2024 will be a big year at the intersection of generative AI/large base models and robotics. From learning to product design, the potential for applications is exciting. Google's DeepMind robotics researchers are one of many teams exploring the potential of this area. In a blog post today, the team highlights ongoing research aimed at giving robots a better understanding of what we humans want them to do.

Traditionally, a robot's life is focused on repeatedly performing a single task. Single-purpose bots tend to be very good at this one thing, but even then they can struggle when inadvertent changes or errors arise.

The newly released AutoRT is designed to utilize large base models for a variety of different purposes. In a standard example given by the DeepMind team, the system first utilizes a visual language model (VLM) to improve situational awareness. AutoRT manages a fleet of robots working together and equipped with cameras to capture the layout of the environment and the objects within it.

At the same time, large language models can also propose tasks that hardware, including terminal executors, can perform. Many believe that language models are the key to unlocking robotics, allowing them to effectively understand more natural language instructions and reduce the need for hard-coded skills.

The system has undergone extensive testing over the past seven-plus months. AutoRT is capable of coordinating up to 20 robots and 52 different devices simultaneously. In total, DeepMind has collected approximately 77,000 tests, including more than 6,000 tasks.

Also new from the team is RT-Trajectory, which uses video input for robot learning. Many teams are exploring using YouTube videos as a way to train robots at scale, but RT-Trajectory adds an interesting layer by superimposing 2D sketches of arm movements on top of the videos.

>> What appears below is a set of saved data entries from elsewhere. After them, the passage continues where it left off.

definition exchange_action ::
    "nat \<Rightarrow> (nat \<times> nat) set \<Rightarrow> (nat \<times> nat \<Rightarrow> nat) \<Rightarrow> (nat \<times> nat \<Rightarrow> nat)
       \<Rightarrow> (gen \<Rightarrow> gvec \<Rightarrow> gvec) \<Rightarrow> bool" where
  "exchange_action N B f g \<rho> \<longleftrightarrow>
     (\<forall>i\<in>{1..N}. \<forall>j\<in>{1..N}. \<forall>s u T. \<rho> (i, j, s) u T \<noteq> 0 \<longrightarrow>
        (\<exists>c d. c \<in> B \<and> f c = i \<and> f d = j \<and> g c = g d
               \<and> c \<in> T \<and> d \<notin> T - {c} \<and> u (insert d (T - {c})) \<noteq> 0))"

lemma gxi_gdd_nonzero:
  assumes "gxi c (gdd d u) T \<noteq> 0"
  shows "c \<in> T \<and> d \<notin> T - {c} \<and> u (insert d (T - {c})) \<noteq> 0"
  using assms by (auto simp: gxi_def gdd_def split: if_splits)

lemma exchange_action_pi_n: "exchange_action n ({1..k} \<times> {1..n}) snd fst (pi_n k z)"
  unfolding exchange_action_def pi_n_def
  by (fastforce elim!: sum.not_neutral_contains_not_neutral dest!: gxi_gdd_nonzero)

lemma exchange_action_pi_k: "exchange_action k ({1..k} \<times> {1..n}) fst snd (pi_k n \<alpha>)"
  unfolding exchange_action_def pi_k_def
  by (fastforce elim!: sum.not_neutral_contains_not_neutral dest!: gxi_gdd_nonzero)
(* Let $n,m\geq1$, let $a_1\geq\cdots\geq a_n$ and $b_1\geq\cdots\geq b_m$ be nonnegative integers, let $0\leq k\leq\nu\leq\min\{n,m\}$ be integers, and let $N=N(d_A,d_B,\nu,k)$. Then some $s$-$t$-cut of minimum capacity in $N$ is clean.
   Context: Network definition: for nonnegative integers $a_1\geq\cdots\geq a_n$, $b_1\geq\cdots\geq b_m$ and integers $0\leq k\leq\nu\leq\min\{n,m\}$, $N(d_A,d_B,\nu,k)=(D,c)$ where $D$ is the digraph with vertex set $\{s,t,v_1,\ldots,v_n,w_1,\ldots,w_m\}$ and arcs: $(s,v_i)$ for all $i\in[n]$; $(w_j,t)$ for all $j\in[m]$; and $(v_i,w_j)$ for all $(i,j)\in[n]\times[m]$ such that ($i\leq k$ or $j\leq \nu-k$) and $i+j\neq \nu+1$. The capacity $c$ is: $c((s,v_i))=a_i-1$ for $i\in[k]$ and $a_i$ for $i\in[n]\setminus[k]$; $c((w_j,t))=b_j-1$ for $j\in[\nu-k]$ and $b_j$ for $j\in[m]\setminus[\nu-k]$; and $c((v_i,w_j))=1$ for every arc $(v_i,w_j)$. Here $[k]$ denotes $\{1,\ldots,k\}$. An $s$-$t$-cut generated by a vertex set $X$ with $s\in X$, $t\notin X$ is the set of arcs from $X$ to its complement; its capacity is the sum of their capacities. Write $X=\{s\}\cup S_1\cup S_2\cup T_1\cup T_2$ with $S_1\subseteq\{v_1,\ldots,v_k\}$, $S_2\subseteq\{v_{k+1},\ldots,v_n\}$, $T_1\subseteq\{w_1,\ldots,w_{\nu-k}\}$, $T_2\subseteq\{w_{\nu-k+1},\ldots,w_m\}$. The cut is clean if: (1) if $v_i\in S_1$ and $v_j\in\{v_1,\ldots,v_k\}\setminus S_1$ then $a_i\geq a_j$; (2) if $w_i\in T_1$ and $w_j\in\{w_1,\ldots,w_{\nu-k}\}\setminus T_1$ then $b_i\leq b_j$; (3) if $v_i\in S_2$ and $v_j\in\{v_{k+1},\ldots,v_n\}\setminus S_2$ then $a_i\geq a_j$; (4) if $w_i\in T_2$ and $w_j\in\{w_{\nu-k+1},\ldots,w_m\}\setminus T_2$ then $b_i\leq b_j$; (5) if $v_i\in S_1$, $v_j\in\{v_1,\ldots,v_k\}\setminus S_1$ and $a_i=a_j$, then $i>j$; (6) if $v_i\in S_2$, $v_j\in\{v_{k+1},\ldots,v_n\}\setminus S_2$ and $a_i=a_j$, then $i>j$. *)

theory Defs
  imports Main
begin

datatype vert = Src | Snk | Vv nat | Ww nat

definition net_vertices :: "nat \<Rightarrow> nat \<Rightarrow> vert set" where
  "net_vertices n m = {Src, Snk} \<union> Vv ` {1..n} \<union> Ww ` {1..m}"

definition net_arcs :: "nat \<Rightarrow> nat \<Rightarrow> nat \<Rightarrow> nat \<Rightarrow> (vert \<times> vert) set" where
  "net_arcs n m \<nu> k =
     {(Src, Vv i) | i. i \<in> {1..n}}
   \<union> {(Ww j, Snk) | j. j \<in> {1..m}}
   \<union> {(Vv i, Ww j) | i j. i \<in> {1..n} \<and> j \<in> {1..m} \<and> (i \<le> k \<or> j \<le> \<nu> - k) \<and> i + j \<noteq> \<nu> + 1}"

text \<open>Capacity function (integer valued, since a_i - 1 may be negative when a_i = 0).
  Its value off the arc set is irrelevant.\<close>
definition net_cap :: "(nat \<Rightarrow> nat) \<Rightarrow> (nat \<Rightarrow> nat) \<Rightarrow> nat \<Rightarrow> nat \<Rightarrow> vert \<times> vert \<Rightarrow> int" where
  "net_cap a b \<nu> k e =
     (case e of
        (Src, Vv i) \<Rightarrow> (if i \<le> k then int (a i) - 1 else int (a i))
      | (Ww j, Snk) \<Rightarrow> (if j \<le> \<nu> - k then int (b j) - 1 else int (b j))
      | _ \<Rightarrow> 1)"

definition is_st_cut :: "nat \<Rightarrow> nat \<Rightarrow> vert set \<Rightarrow> bool" where
  "is_st_cut n m X \<longleftrightarrow> Src \<in> X \<and> Snk \<notin> X \<and> X \<subseteq> net_vertices n m"
(* Let $H$ be a bialgebra over a commutative ring $\Bbbk$ and $A$ a left $H$-module algebra. Then the maps $\Phi:H^{\otimes n}\to\mathrm{Hom}_\Bbbk(A^{\otimes n},A)$, $\Phi(h_1\otimes\dots\otimes h_n)(a_1\otimes\dots\otimes a_n)=(h_1.a_1)\cdots(h_n.a_n)$, define a morphism of linear operads with multiplication from the operad $\mathcal{O}_H$ (whose cochain complex is the cobar construction $\Omega H$) to the endomorphism operad $\mathcal{E}nd(A)$. In particular $\Phi$ induces a morphism of Gerstenhaber algebras $H^*(\Phi):\mathrm{Cotor}^*_H(\Bbbk,\Bbbk)\to HH^*(A,A)$.
   Context: A left $H$-module algebra is an algebra $A$ with a left $H$-module structure such that $h.(ab)=(h^{(1)}.a)(h^{(2).}b)$ and $h.1_A=\varepsilon(h)1_A$. $\mathcal{O}_H(n)=H^{\otimes n}$ with $(a_1\otimes\dots\otimes a_m)\circ_i(b_1\otimes\dots\otimes b_n)=a_1\otimes\dots\otimes a_{i-1}\otimes a_i^{(1)}b_1\otimes\dots\otimes a_i^{(n)}b_n\otimes a_{i+1}\otimes\dots\otimes a_m$ (with $\Delta^{n-1}(a_i)=a_i^{(1)}\otimes\dots\otimes a_i^{(n)}$), identity $1_H$, multiplication $1_H\otimes1_H$, $e=1\in\Bbbk$. $\mathcal{E}nd(A)(n)=\mathrm{Hom}(A^{\otimes n},A)$ with $\gamma(f;g_1,\dots,g_n)=f\circ(g_1\otimes\dots\otimes g_n)$, identity $\mathrm{id}_A$, multiplication the product of $A$, $e$ the unit $\Bbbk\to A$. For an operad with multiplication $(O,\mu,e)$, the cohomology of the cochain complex ($df=\mu\circ_2f+\sum_i(-1)^if\circ_i\mu+(-1)^{n+1}\mu\circ_1f$) is a Gerstenhaber algebra with cup product $(\mu\circ_1f)\circ_{m+1}g$ and bracket $\{f,g\}=f\bar\circ g-(-1)^{(m-1)(n-1)}g\bar\circ f$, $f\bar\circ g=(-1)^{(m-1)(n-1)}\sum_i(-1)^{(n-1)(i-1)}f\circ_ig$; for $\mathcal{O}_H$ this gives $\mathrm{Cotor}^*_H(\Bbbk,\Bbbk)$ and for $\mathcal{E}nd(A)$ it gives $HH^*(A,A)$. *)

theory Defs
  imports Main
begin
lemma card_filter_mem_eq_sum_fibres:
  assumes "finite I" "finite D"
  shows "card {i\<in>I. \<sigma> i \<in> D} = (\<Sum>j\<in>D. card {i\<in>I. \<sigma> i = j})"
proof -
  have "{i\<in>I. \<sigma> i \<in> D} = (\<Union>j\<in>D. {i\<in>I. \<sigma> i = j})" by blast
  also have "card \<dots> = (\<Sum>j\<in>D. card {i\<in>I. \<sigma> i = j})"
    using assms by (intro card_UN_disjoint) auto
  finally show ?thesis .
qed

text \<open>If every \<open>k\<close>-subset of \<open>U\<close> has a preimage of the same size under \<open>\<sigma>\<close>, all fibres have the
  same size: exchange one point of a \<open>k\<close>-set for another, which needs \<open>k < card U\<close>.\<close>

lemma uniform_fibres:
  assumes "finite U" "finite I" "\<sigma> ` I \<subseteq> U" "0 < k" "k < card U"
    and "\<And>Z. Z \<subseteq> U \<Longrightarrow> card Z = k \<Longrightarrow> card {i\<in>I. \<sigma> i \<in> Z} = c"
  obtains m where "\<And>j. j \<in> U \<Longrightarrow> card {i\<in>I. \<sigma> i = j} = m" "card I = card U * m" "c = k * m"
proof -
  define m where "m j = card {i\<in>I. \<sigma> i = j}" for j
  have sum_m: "(\<Sum>j\<in>Z. m j) = c" if "Z \<subseteq> U" "card Z = k" for Z
    using assms(6)[OF that] card_filter_mem_eq_sum_fibres[OF assms(2), of Z \<sigma>] that assms(1)
    by (simp add: m_def finite_subset)
  have m_const: "m j = m j'" if "j \<in> U" "j' \<in> U" for j j'
  proof (cases "j = j'")
    case False
    then have "k - 1 \<le> card (U - {j, j'})"
      using that assms(1,5) by (simp add: card_Diff_subset)
    then obtain Z where Z: "Z \<subseteq> U - {j, j'}" "card Z = k - 1" "finite Z"
      by (meson obtain_subset_with_card_n)
    have notin: "j \<notin> Z" "j' \<notin> Z" using Z(1) by blast+
    have "insert j Z \<subseteq> U" "card (insert j Z) = k" "insert j' Z \<subseteq> U" "card (insert j' Z) = k"
      using Z notin that assms(4) by auto
    then have "(\<Sum>a\<in>insert j Z. m a) = (\<Sum>a\<in>insert j' Z. m a)"
      using sum_m by presburger
    with Z notin show ?thesis by simp
  qed simp
  obtain j0 where "j0 \<in> U" using assms(4,5) by fastforce
  then have m: "m j = m j0" if "j \<in> U" for j
    using m_const that by blast
  show thesis
  proof
    show "card {i\<in>I. \<sigma> i = j} = m j0" if "j \<in> U" for j
      using m[OF that] by (simp add: m_def)
    have "{i\<in>I. \<sigma> i \<in> U} = I" using assms(3) by blast
    then show "card I = card U * m j0"
      using card_filter_mem_eq_sum_fibres[OF assms(2,1), of \<sigma>] m by (simp add: m_def)
    obtain Z where "Z \<subseteq> U" "card Z = k"
      using assms(5) by (meson less_imp_le obtain_subset_with_card_n)
    then show "c = k * m j0"
      using sum_m[of Z] m by (auto simp: subset_iff)
  qed
qed

text \<open>Flipping the point \<open>0\<close> identifies \<open>Pow {..<n}\<close> two-to-one with the even cube, and \<open>even_rep\<close>
  picks the even representative: functions on the even cube become functions on the whole cube
  that are invariant under this flip.\<close>

definition even_rep :: "nat set \<Rightarrow> nat set" where
  "even_rep x = (if even (card x) then x else sym_diff x {0})"

lemma even_rep_in_even_cube: "0 < n \<Longrightarrow> x \<subseteq> {..<n} \<Longrightarrow> even_rep x \<in> even_cube n"
  using even_card_sym_diff[of x "{0}"] finite_subset[of x "{..<n}"]
  by (auto simp: even_rep_def even_cube_def)

lemma even_rep_even_cube: "x \<in> even_cube n \<Longrightarrow> even_rep x = x"
  by (simp add: even_rep_def even_cube_def)

lemma even_rep_flip: "finite x \<Longrightarrow> even_rep (sym_diff x {0}) = even_rep x"
  using even_card_sym_diff[of x "{0}"] by (auto simp: even_rep_def)

lemma even_rep_sym_diff:
  "finite x \<Longrightarrow> finite z \<Longrightarrow> even (card z) \<Longrightarrow> even_rep (sym_diff x z) = sym_diff (even_rep x) z"
  using even_card_sym_diff[of x z] by (auto simp: even_rep_def)

text \<open>All that is used of a homomorphism \<open>G \<rightarrow> G'\<close>: edges of length \<open>k\<close> go to pairs at distance
  at least \<open>k'\<close>.\<close>

locale cube_expansion =
  fixes n k n' k' :: nat and f :: "nat set \<Rightarrow> nat set"
  assumes even_k: "even k" and k_gt: "n + 1 < 2 * k" and k_lt: "k < n"
    and ratio: "n * k' = n' * k" and k'_pos: "0 < k'"
    and maps_to: "\<And>x. x \<in> even_cube n \<Longrightarrow> f x \<in> even_cube n'"
    and expands: "\<And>x y. x \<in> even_cube n \<Longrightarrow> y \<in> even_cube n \<Longrightarrow> hamming x y = k \<Longrightarrow>
      k' \<le> hamming (f x) (f y)"
begin

lemma k_ge_4: "4 \<le> k"
  using even_k k_gt k_lt by presburger

definition coord :: "nat \<Rightarrow> nat set \<Rightarrow> real" where
  "coord i x = walsh {i} (f (even_rep x))"

lemma coord_pm: "coord i x = 1 \<or> coord i x = -1"
  by (simp add: coord_def walsh_singleton)

lemma coord_square: "(coord i x)\<^sup>2 = 1"
  using coord_pm[of i x] by auto

lemma coord_flip: "x \<subseteq> {..<n} \<Longrightarrow> coord i (sym_diff x {0}) = coord i x"
  by (simp add: coord_def even_rep_flip finite_subset)

lemma f_even_rep_subset: "x \<subseteq> {..<n} \<Longrightarrow> f (even_rep x) \<subseteq> {..<n'}"
  using maps_to[OF even_rep_in_even_cube, of x] k_lt by (auto simp: even_cube_def)

lemma edge_expansion:
  assumes "x \<subseteq> {..<n}" "z \<in> subsets_of_card {..<n} k"
  shows "k' \<le> hamming (f (even_rep x)) (f (even_rep (sym_diff x z)))"
proof -
  have "finite x" "finite z" using assms finite_subset by auto
  then have "even_rep (sym_diff x z) = sym_diff (even_rep x) z"
    using assms even_k by (simp add: even_rep_sym_diff)
  moreover have "sym_diff (even_rep x) (sym_diff (even_rep x) z) = z" by blast
  moreover have "sym_diff x z \<subseteq> {..<n}" using assms by blast
  ultimately show ?thesis
    using assms k_lt by (intro expands even_rep_in_even_cube) (auto simp: hamming_def)
qed

abbreviation edge_dist :: "nat set \<Rightarrow> nat set \<Rightarrow> nat" where
  "edge_dist x z \<equiv> hamming (f (even_rep x)) (f (even_rep (sym_diff x z)))"

lemma sum_coord_dist_correlation:
  "(\<Sum>i<n'. dist_correlation {..<n} (coord i) k) =
    (\<Sum>x\<in>Pow {..<n}. \<Sum>z\<in>subsets_of_card {..<n} k. real n' - 2 * real (edge_dist x z))"
proof -
  have "(\<Sum>i<n'. dist_correlation {..<n} (coord i) k) =
      (\<Sum>x\<in>Pow {..<n}. \<Sum>z\<in>subsets_of_card {..<n} k. \<Sum>i<n'. coord i x * coord i (sym_diff x z))"
    unfolding dist_correlation_def
    by (subst sum.swap, subst (2) sum.swap) simp
  also have "\<dots> = (\<Sum>x\<in>Pow {..<n}. \<Sum>z\<in>subsets_of_card {..<n} k. real n' - 2 * real (edge_dist x z))"
  proof (intro sum.cong refl)
    fix x z assume "x \<in> Pow {..<n}" "z \<in> subsets_of_card {..<n} k"
    then have "x \<subseteq> {..<n}" "sym_diff x z \<subseteq> {..<n}" by auto
    then show "(\<Sum>i<n'. coord i x * coord i (sym_diff x z)) = real n' - 2 * real (edge_dist x z)"
      unfolding coord_def hamming_def by (intro sum_walsh_singleton_products f_even_rep_subset)
  qed
  finally show ?thesis .
qed

lemma krawtchouk_1_le_sign_sum: "S \<subseteq> {..<n} \<Longrightarrow> krawtchouk n k 1 \<le> sign_sum {..<n} S k"
  using krawtchouk_min_at_1(1)[OF even_k k_gt k_lt, of "card S"] card_mono[of "{..<n}" S]
  by (simp add: sign_sum_eq_krawtchouk)

lemma dist_correlation_coord_0: "dist_correlation {..<n} (coord i) 0 = 2 ^ n"
  by (simp add: dist_correlation_0 card_Pow coord_square)

lemma dist_correlation_coord_ge: "of_int (krawtchouk n k 1) * 2 ^ n \<le> dist_correlation {..<n} (coord i) k"
  using dist_correlation_lower_bound[OF finite_lessThan krawtchouk_1_le_sign_sum, of "coord i"]
  by (simp add: dist_correlation_coord_0)

text \<open>The ratio \<open>n'/k' = n/k\<close> is exactly what makes the total budget of the coordinates equal to
  \<open>n'\<close> times the spectral lower bound of each of them.\<close>

lemma edge_budget_eq_lower_bound:
  "real (card (Pow {..<n})) * real (card (subsets_of_card {..<n} k)) * (real n' - 2 * real k') =
    real n' * (of_int (krawtchouk n k 1) * 2 ^ n)"
proof -
  have ratio_real: "real n * real k' = real n' * real k"
    using ratio by (simp flip: of_nat_mult)
  have "real n * (real (n choose k) * (real n' - 2 * real k')) =
      real (n choose k) * (real n * real n') - 2 * real (n choose k) * (real n * real k')"
    by (simp add: algebra_simps)
  also have "\<dots> = real n' * (real (n choose k) * (real n - 2 * real k))"
    unfolding ratio_real by (simp add: algebra_simps)
  also have "\<dots> = real n * (real n' * krawtchouk n k 1)"
    using krawtchouk_1_closed_form[of k n] k_ge_4 k_lt by simp
  finally show ?thesis
    using k_lt by (simp add: card_Pow n_subsets)
qed

lemma rigidity:
  shows "\<And>i. i < n' \<Longrightarrow> dist_correlation {..<n} (coord i) k = of_int (krawtchouk n k 1) * 2 ^ n"
    and "\<And>x z. x \<subseteq> {..<n} \<Longrightarrow> z \<in> subsets_of_card {..<n} k \<Longrightarrow> edge_dist x z = k'"
proof -
  let ?P = "Pow {..<n}" and ?Z = "subsets_of_card {..<n} k"
  let ?lower = "real_of_int (krawtchouk n k 1) * 2 ^ n"
  have lower: "(\<Sum>i<n'. ?lower) \<le> (\<Sum>i<n'. dist_correlation {..<n} (coord i) k)"
    by (intro sum_mono dist_correlation_coord_ge)
  have inner_le: "(\<Sum>z\<in>?Z. real n' - 2 * real (edge_dist x z)) \<le> (\<Sum>z\<in>?Z. real n' - 2 * real k')"
    if "x \<subseteq> {..<n}" for x
    using edge_expansion that by (intro sum_mono) auto
  then have upper: "(\<Sum>x\<in>?P. \<Sum>z\<in>?Z. real n' - 2 * real (edge_dist x z)) \<le>
      (\<Sum>x\<in>?P. \<Sum>z\<in>?Z. real n' - 2 * real k')"
    by (rule sum_mono) auto
  have budget: "(\<Sum>x\<in>?P. \<Sum>z\<in>?Z. real n' - 2 * real k') = (\<Sum>i<n'. ?lower)"
    using edge_budget_eq_lower_bound by simp
  have tight: "(\<Sum>i<n'. dist_correlation {..<n} (coord i) k) = (\<Sum>i<n'. ?lower)"
    "(\<Sum>x\<in>?P. \<Sum>z\<in>?Z. real n' - 2 * real (edge_dist x z)) = (\<Sum>x\<in>?P. \<Sum>z\<in>?Z. real n' - 2 * real k')"
    using lower upper budget sum_coord_dist_correlation by linarith+
  show "dist_correlation {..<n} (coord i) k = ?lower" if "i < n'" for i
    using sum_mono_inv[OF tight(1)[symmetric], of i] dist_correlation_coord_ge that by simp
  show "edge_dist x z = k'" if x: "x \<subseteq> {..<n}" and z: "z \<in> ?Z" for x z
  proof -
    have "(\<Sum>z\<in>?Z. real n' - 2 * real (edge_dist x z)) = (\<Sum>z\<in>?Z. real n' - 2 * real k')"
      by (rule sum_mono_inv[OF tight(2)]) (use inner_le x in auto)
    then have "real n' - 2 * real (edge_dist x z) = real n' - 2 * real k'"
      by (rule sum_mono_inv) (use edge_expansion x z finite_subsets_of_card in auto)
    then show ?thesis by simp
  qed
qed

lemma coord_spectrum:
  assumes "i < n'" "S \<subseteq> {..<n}" "fourier_coeff {..<n} (coord i) S \<noteq> 0"
  shows "S \<in> insert ({..<n} - {0}) ((\<lambda>a. {a}) ` ({..<n} - {0}))"
proof -
  have "0 \<notin> S"
    using fourier_coeff_eq_0_if_flip_invariant[of "{..<n}" S 0 "coord i"] coord_flip assms(2,3) by auto
  have "card S = 1 \<or> card S = n - 1"
  proof (rule ccontr)
    assume "\<not> ?thesis"
    moreover have "card S \<le> n" using card_mono[OF _ assms(2)] by simp
    ultimately have "krawtchouk n k 1 < sign_sum {..<n} S k"
      using krawtchouk_min_at_1(2)[OF even_k k_gt k_lt] assms(2) by (simp add: sign_sum_eq_krawtchouk)
    then have "fourier_coeff {..<n} (coord i) S = 0"
      using rigidity(1)[OF assms(1)] assms(2) krawtchouk_1_le_sign_sum
      by (intro fourier_coeff_eq_0_if_dist_correlation_eq[of _ "krawtchouk n k 1" k])
        (simp_all add: dist_correlation_coord_0)
    with assms(3) show False ..
  qed
  then show ?thesis
  proof
    assume "card S = 1"
    then show ?thesis using \<open>0 \<notin> S\<close> assms(2) by (auto simp: card_1_singleton_iff)
  next
    assume "card S = n - 1"
    then have "S = {..<n} - {0}"
      using \<open>0 \<notin> S\<close> assms(2) k_lt by (intro card_subset_eq) auto
    then show ?thesis by simp
  qed
qed

lemma coord_dictator:
  assumes "i < n'"
  obtains j where "j < n" "\<And>x. x \<in> even_cube n \<Longrightarrow> walsh {i} (f x) = walsh {i} (f {}) * walsh {j} x"
proof -
  let ?V = "{..<n} - {0}"
  have sidon: "sidon (insert ?V ((\<lambda>a. {a}) ` ?V))"
    using k_ge_4 k_lt by (intro sidon_singletons_and_whole) auto
  obtain S where S: "S \<in> insert ?V ((\<lambda>a. {a}) ` ?V)" "S \<subseteq> {..<n}"
    and character: "\<And>x. x \<subseteq> {..<n} \<Longrightarrow> coord i x = coord i {} * walsh S x"
    by (rule boolean_sidon_spectrum_is_character[OF finite_lessThan coord_pm sidon coord_spectrum[OF assms]]) auto
  have coord_even: "coord i x = walsh {i} (f x)" if "x \<in> even_cube n" for x
    using that by (simp add: coord_def even_rep_even_cube)
  have "{} \<in> even_cube n" by (simp add: even_cube_def)
  from S(1) obtain j where j: "j < n" "\<And>x. x \<in> even_cube n \<Longrightarrow> walsh S x = walsh {j} x"
  proof
    assume "S = ?V"
    then have "walsh S x = walsh {0} x" if "x \<in> even_cube n" for x
      using that walsh_complement_even[of "{..<n}" x "{0}"] k_lt by (auto simp: even_cube_def atLeast0LessThan)
    then show thesis using that[of 0] k_lt by simp
  qed (use that in auto)
  show thesis
  proof (rule that[OF j(1)])
    fix x assume "x \<in> even_cube n"
    moreover from this have "x \<subseteq> {..<n}" by (auto simp: even_cube_def)
    ultimately show "walsh {i} (f x) = walsh {i} (f {}) * walsh {j} x"
      using character[of x] character[of "{}"] coord_even[of x] coord_even[of "{}"] j(2)[of x]
        \<open>{} \<in> even_cube n\<close> by simp
  qed
qed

"These trajectories, in the form of RGB images, provide low-level practical visual cues to the model as it learns robot control strategies," the team noted.

DeepMind said that when tested on 41 tasks, the success rate of this training was twice that of RT-2 training, at 63% and 29% respectively.

"RT-Trajectory exploits the rich wealth of robot motion information that is present in all robot datasets but is currently underutilized," the team noted. "RT-Trajectory not only represents another step on the road to building robots that can move efficiently and accurately in new situations, but also unlocks knowledge from existing data sets."